Task directions:
Find the string "split" in the data, then copy every line where it is found.

[Stored data]
↓↓↓
lemma Hardy_inequality_tail_linbr:
  fixes p \<beta> :: real
  assumes p: "p > 1" and \<beta>: "\<beta> > -1/p"
  shows "\<exists>C\<ge>0. \<forall>h. h \<in> borel_measurable borel \<longrightarrow> (\<forall>t. h t \<ge> 0) \<longrightarrow>
     integrable lborel (\<lambda>t. h t powr p * linbr t powr ((\<beta> + 1) * p)) \<longrightarrow>
     integrable lborel (\<lambda>x. indicator {0..} x * (tail_integral h x powr p * linbr x powr (\<beta> * p))) \<and>
     (\<integral>x. indicator {0..} x * (tail_integral h x powr p * linbr x powr (\<beta> * p)) \<partial>lborel)
       \<le> C * (\<integral>t. h t powr p * linbr t powr ((\<beta> + 1) * p) \<partial>lborel)"
proof -
  obtain C where "C > 0" and tail: "\<And>h. h \<in> borel_measurable borel \<Longrightarrow> \<forall>t. h t \<ge> 0 \<Longrightarrow>
     integrable lborel (\<lambda>t. indicator {0..} t * (h t powr p * (1 + t) powr ((\<beta> + 1) * p))) \<Longrightarrow>
     integrable lborel (\<lambda>x. indicator {0..} x * (tail_integral h x powr p * (1 + x) powr (\<beta> * p))) \<and>
     (\<integral>x. indicator {0..} x * (tail_integral h x powr p * (1 + x) powr (\<beta> * p)) \<partial>lborel)
       \<le> C * (\<integral>t. indicator {0..} t * (h t powr p * (1 + t) powr ((\<beta> + 1) * p)) \<partial>lborel)"
    using Hardy_inequality_tail[OF p \<beta>] by blast
  have on_halfline: "(\<lambda>x. indicator {0..} x * (f x * (1 + x) powr r)) = (\<lambda>x. indicator {0..} x * (f x * linbr x powr r))"
    for f :: "real \<Rightarrow> real" and r
    by (simp add: fun_eq_iff linbr_def split: split_indicator)
  show ?thesis
  proof (intro exI[of _ C] conjI allI impI)
    show "C \<ge> 0"
      using \<open>C > 0\<close> by simp
    fix h :: "real \<Rightarrow> real"
    assume [measurable]: "h \<in> borel_measurable borel" and h: "\<forall>t. h t \<ge> 0"
      and int: "integrable lborel (\<lambda>t. h t powr p * linbr t powr ((\<beta> + 1) * p))"
    have "0 \<le> indicator {0..} t * (h t powr p * linbr t powr ((\<beta> + 1) * p)) \<and>
        indicator {0..} t * (h t powr p * linbr t powr ((\<beta> + 1) * p)) \<le> 1 * (h t powr p * linbr t powr ((\<beta> + 1) * p))"
      for t by (simp split: split_indicator)
    from integrable_le_scaled[OF _ int this] tail[of h, unfolded on_halfline] h \<open>C > 0\<close>
    show "integrable lborel (\<lambda>x. indicator {0..} x * (tail_integral h x powr p * linbr x powr (\<beta> * p)))"
      "(\<integral>x. indicator {0..} x * (tail_integral h x powr p * linbr x powr (\<beta> * p)) \<partial>lborel)
         \<le> C * (\<integral>t. h t powr p * linbr t powr ((\<beta> + 1) * p) \<partial>lborel)"
      by (auto intro: order_trans mult_left_mono)
  qed
qed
↑↑↑
Expected answer:
    by (simp add: fun_eq_iff linbr_def split: split_indicator)
      for t by (simp split: split_indicator)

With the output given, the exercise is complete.